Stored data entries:
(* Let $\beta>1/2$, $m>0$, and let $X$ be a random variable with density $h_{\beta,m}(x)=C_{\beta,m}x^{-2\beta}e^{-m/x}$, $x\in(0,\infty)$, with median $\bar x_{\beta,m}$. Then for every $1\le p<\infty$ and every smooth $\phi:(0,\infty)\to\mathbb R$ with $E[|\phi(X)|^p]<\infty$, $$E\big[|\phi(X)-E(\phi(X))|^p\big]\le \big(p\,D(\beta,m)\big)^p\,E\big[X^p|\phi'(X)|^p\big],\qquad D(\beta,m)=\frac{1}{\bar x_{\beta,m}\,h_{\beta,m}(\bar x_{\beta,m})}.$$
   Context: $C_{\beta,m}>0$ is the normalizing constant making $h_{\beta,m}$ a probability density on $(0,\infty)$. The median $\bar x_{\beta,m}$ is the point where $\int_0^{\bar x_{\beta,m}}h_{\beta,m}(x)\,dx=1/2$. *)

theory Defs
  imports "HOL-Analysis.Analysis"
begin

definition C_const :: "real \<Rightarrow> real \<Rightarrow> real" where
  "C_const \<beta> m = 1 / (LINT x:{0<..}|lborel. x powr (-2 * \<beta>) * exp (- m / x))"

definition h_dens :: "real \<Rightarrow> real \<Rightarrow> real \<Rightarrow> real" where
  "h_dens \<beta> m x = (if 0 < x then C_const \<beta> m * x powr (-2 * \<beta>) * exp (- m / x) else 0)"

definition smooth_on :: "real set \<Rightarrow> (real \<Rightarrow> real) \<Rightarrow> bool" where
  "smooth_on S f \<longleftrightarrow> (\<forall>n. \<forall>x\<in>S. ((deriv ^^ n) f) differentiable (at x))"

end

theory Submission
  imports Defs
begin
==
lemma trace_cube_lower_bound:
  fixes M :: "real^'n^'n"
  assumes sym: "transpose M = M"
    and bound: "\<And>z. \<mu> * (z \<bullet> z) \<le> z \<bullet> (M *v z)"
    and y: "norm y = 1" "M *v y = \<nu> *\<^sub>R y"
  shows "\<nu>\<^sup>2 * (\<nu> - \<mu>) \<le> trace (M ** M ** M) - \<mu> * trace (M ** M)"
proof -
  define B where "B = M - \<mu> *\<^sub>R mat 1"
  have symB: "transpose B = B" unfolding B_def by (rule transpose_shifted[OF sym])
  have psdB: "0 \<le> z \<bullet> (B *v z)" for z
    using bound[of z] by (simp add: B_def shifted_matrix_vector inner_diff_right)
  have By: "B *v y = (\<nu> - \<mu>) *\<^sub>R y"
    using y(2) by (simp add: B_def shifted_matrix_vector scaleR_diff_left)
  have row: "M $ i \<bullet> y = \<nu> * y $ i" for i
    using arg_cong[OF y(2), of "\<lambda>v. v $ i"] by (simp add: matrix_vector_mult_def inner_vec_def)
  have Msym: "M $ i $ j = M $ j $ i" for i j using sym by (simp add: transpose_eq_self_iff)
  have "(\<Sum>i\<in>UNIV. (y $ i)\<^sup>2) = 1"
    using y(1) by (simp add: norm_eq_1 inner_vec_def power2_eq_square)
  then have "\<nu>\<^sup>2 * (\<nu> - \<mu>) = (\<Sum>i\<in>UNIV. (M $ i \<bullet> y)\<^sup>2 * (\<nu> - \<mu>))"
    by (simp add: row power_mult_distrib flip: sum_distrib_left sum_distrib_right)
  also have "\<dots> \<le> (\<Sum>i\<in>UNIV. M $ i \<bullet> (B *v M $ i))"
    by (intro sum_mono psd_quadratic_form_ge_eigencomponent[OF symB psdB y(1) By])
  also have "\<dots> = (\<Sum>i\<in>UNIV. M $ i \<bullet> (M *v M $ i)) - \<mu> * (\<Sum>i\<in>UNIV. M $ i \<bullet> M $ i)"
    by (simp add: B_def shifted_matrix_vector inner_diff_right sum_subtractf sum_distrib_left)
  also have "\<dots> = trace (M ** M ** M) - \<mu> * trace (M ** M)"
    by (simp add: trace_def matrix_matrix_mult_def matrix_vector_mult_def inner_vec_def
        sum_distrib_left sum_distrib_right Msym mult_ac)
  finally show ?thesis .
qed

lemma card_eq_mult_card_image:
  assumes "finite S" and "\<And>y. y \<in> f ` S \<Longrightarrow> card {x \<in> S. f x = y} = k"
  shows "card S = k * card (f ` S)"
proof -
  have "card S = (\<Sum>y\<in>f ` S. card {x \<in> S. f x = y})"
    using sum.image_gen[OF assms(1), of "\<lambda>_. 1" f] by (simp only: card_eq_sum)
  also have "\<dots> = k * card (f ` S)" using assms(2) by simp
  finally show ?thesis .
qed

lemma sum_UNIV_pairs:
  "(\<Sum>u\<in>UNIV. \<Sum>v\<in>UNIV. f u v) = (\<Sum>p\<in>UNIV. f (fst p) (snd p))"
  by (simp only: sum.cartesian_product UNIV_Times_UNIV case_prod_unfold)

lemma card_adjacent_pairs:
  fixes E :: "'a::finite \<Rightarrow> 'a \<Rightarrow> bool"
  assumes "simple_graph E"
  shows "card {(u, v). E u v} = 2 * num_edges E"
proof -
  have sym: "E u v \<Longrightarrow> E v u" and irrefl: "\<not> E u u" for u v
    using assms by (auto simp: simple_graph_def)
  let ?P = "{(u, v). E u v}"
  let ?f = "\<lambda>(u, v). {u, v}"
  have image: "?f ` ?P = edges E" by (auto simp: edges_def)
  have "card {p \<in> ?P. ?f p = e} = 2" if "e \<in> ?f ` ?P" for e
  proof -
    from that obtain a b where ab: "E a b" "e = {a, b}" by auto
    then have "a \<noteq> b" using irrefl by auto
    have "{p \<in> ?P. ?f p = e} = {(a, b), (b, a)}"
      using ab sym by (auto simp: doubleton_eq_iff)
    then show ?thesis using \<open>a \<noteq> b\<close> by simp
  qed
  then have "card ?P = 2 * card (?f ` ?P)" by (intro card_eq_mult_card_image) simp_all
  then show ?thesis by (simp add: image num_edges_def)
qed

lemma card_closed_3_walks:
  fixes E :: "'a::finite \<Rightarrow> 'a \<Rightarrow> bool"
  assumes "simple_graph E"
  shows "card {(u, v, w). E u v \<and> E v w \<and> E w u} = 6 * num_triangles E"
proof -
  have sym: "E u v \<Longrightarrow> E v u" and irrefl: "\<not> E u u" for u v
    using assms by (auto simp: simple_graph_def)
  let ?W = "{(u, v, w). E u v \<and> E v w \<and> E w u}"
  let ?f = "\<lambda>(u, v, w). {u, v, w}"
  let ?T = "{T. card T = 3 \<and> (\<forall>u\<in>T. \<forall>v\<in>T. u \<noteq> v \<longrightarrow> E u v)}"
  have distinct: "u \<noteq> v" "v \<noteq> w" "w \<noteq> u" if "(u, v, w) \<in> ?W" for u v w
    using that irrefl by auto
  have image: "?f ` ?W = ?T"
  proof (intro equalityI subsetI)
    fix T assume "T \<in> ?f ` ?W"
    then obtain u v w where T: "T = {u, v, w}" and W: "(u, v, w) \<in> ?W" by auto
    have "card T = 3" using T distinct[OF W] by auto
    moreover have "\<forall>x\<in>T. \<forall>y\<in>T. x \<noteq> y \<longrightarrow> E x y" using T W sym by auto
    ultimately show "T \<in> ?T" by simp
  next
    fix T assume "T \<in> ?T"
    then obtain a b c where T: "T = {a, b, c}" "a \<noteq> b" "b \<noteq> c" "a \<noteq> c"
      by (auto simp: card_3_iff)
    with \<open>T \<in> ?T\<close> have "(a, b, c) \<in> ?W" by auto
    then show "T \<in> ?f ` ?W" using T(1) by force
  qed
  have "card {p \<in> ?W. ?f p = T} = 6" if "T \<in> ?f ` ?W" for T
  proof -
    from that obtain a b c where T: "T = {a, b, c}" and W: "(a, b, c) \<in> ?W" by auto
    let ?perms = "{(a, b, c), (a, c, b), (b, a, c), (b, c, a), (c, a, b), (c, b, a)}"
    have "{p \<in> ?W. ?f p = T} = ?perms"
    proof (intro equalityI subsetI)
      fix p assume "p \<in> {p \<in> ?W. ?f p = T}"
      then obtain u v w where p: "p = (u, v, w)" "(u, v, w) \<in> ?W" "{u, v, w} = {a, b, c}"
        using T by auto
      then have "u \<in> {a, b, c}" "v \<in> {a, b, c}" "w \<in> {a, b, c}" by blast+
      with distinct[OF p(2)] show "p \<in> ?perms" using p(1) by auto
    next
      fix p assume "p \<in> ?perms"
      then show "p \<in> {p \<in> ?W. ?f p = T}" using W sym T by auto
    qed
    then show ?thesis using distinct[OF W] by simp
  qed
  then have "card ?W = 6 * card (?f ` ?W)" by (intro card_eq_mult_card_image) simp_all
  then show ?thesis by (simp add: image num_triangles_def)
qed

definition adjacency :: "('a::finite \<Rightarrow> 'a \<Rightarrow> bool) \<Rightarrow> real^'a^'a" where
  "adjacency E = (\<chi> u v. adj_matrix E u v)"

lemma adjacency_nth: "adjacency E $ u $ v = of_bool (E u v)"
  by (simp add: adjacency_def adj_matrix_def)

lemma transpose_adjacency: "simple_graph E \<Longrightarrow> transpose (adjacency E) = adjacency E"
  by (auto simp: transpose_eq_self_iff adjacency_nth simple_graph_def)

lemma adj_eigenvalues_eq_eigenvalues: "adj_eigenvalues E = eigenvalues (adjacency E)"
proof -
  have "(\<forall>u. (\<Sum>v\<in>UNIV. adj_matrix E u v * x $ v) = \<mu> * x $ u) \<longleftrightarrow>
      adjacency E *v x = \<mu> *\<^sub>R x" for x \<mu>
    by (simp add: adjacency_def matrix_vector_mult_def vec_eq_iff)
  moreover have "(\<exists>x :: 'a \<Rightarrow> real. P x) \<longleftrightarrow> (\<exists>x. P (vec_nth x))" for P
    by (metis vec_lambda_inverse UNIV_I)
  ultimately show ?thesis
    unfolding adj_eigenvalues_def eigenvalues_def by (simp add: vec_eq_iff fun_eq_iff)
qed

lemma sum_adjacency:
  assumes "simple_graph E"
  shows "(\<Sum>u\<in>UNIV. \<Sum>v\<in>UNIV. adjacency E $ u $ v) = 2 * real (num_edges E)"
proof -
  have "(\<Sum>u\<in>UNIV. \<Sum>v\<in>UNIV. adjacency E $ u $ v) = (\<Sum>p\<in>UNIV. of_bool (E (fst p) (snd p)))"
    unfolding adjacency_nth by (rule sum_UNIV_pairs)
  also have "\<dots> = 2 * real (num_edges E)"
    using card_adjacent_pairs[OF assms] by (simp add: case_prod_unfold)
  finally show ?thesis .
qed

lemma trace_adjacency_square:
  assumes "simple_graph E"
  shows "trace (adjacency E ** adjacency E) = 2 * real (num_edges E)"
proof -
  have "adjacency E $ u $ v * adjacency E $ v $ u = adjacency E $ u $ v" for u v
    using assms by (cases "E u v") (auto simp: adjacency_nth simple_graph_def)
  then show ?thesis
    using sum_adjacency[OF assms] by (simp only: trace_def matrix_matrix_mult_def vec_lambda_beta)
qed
...
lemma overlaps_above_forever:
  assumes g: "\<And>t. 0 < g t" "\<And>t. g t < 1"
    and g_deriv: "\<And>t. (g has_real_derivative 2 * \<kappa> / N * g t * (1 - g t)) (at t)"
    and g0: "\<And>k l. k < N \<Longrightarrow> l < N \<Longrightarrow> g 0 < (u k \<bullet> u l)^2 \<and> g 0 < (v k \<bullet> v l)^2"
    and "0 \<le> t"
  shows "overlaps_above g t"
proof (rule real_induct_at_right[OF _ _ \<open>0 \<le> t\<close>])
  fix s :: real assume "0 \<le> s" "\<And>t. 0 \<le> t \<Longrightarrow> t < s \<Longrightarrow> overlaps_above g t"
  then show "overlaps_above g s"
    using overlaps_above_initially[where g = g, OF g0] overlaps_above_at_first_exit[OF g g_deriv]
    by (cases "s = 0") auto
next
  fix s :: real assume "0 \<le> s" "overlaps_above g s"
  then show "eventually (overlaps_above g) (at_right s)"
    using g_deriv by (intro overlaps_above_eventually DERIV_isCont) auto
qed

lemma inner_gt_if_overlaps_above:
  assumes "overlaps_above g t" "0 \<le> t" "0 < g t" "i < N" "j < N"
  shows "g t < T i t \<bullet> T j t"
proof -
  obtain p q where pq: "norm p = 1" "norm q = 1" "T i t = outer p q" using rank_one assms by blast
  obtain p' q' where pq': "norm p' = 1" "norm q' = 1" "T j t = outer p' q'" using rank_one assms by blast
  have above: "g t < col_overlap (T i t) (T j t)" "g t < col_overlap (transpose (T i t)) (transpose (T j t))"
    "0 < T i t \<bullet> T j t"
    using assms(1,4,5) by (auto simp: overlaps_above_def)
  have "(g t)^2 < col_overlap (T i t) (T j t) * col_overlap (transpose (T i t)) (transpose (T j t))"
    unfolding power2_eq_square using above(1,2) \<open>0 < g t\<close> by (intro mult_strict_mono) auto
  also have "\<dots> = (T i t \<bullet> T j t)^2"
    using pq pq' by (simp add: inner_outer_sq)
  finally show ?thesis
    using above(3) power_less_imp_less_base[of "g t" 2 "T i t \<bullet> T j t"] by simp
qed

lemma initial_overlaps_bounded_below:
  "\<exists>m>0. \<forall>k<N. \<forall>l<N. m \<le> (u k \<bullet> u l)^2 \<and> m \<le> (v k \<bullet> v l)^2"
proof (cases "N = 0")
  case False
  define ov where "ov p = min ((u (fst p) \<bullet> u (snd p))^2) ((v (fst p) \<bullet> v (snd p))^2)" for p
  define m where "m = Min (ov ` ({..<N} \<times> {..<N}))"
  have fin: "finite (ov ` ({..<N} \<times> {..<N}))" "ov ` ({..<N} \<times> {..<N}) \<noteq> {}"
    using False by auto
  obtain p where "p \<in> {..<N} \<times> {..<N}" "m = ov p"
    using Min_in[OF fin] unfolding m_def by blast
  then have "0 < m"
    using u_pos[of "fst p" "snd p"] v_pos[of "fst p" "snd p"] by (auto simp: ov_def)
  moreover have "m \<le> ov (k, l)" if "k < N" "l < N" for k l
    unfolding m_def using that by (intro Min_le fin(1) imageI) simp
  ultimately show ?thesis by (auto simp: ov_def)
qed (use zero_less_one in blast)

Task description
Filter the records above and return every line that holds the word "subsetI".

Result for this task
  proof (intro equalityI subsetI)
    proof (intro equalityI subsetI)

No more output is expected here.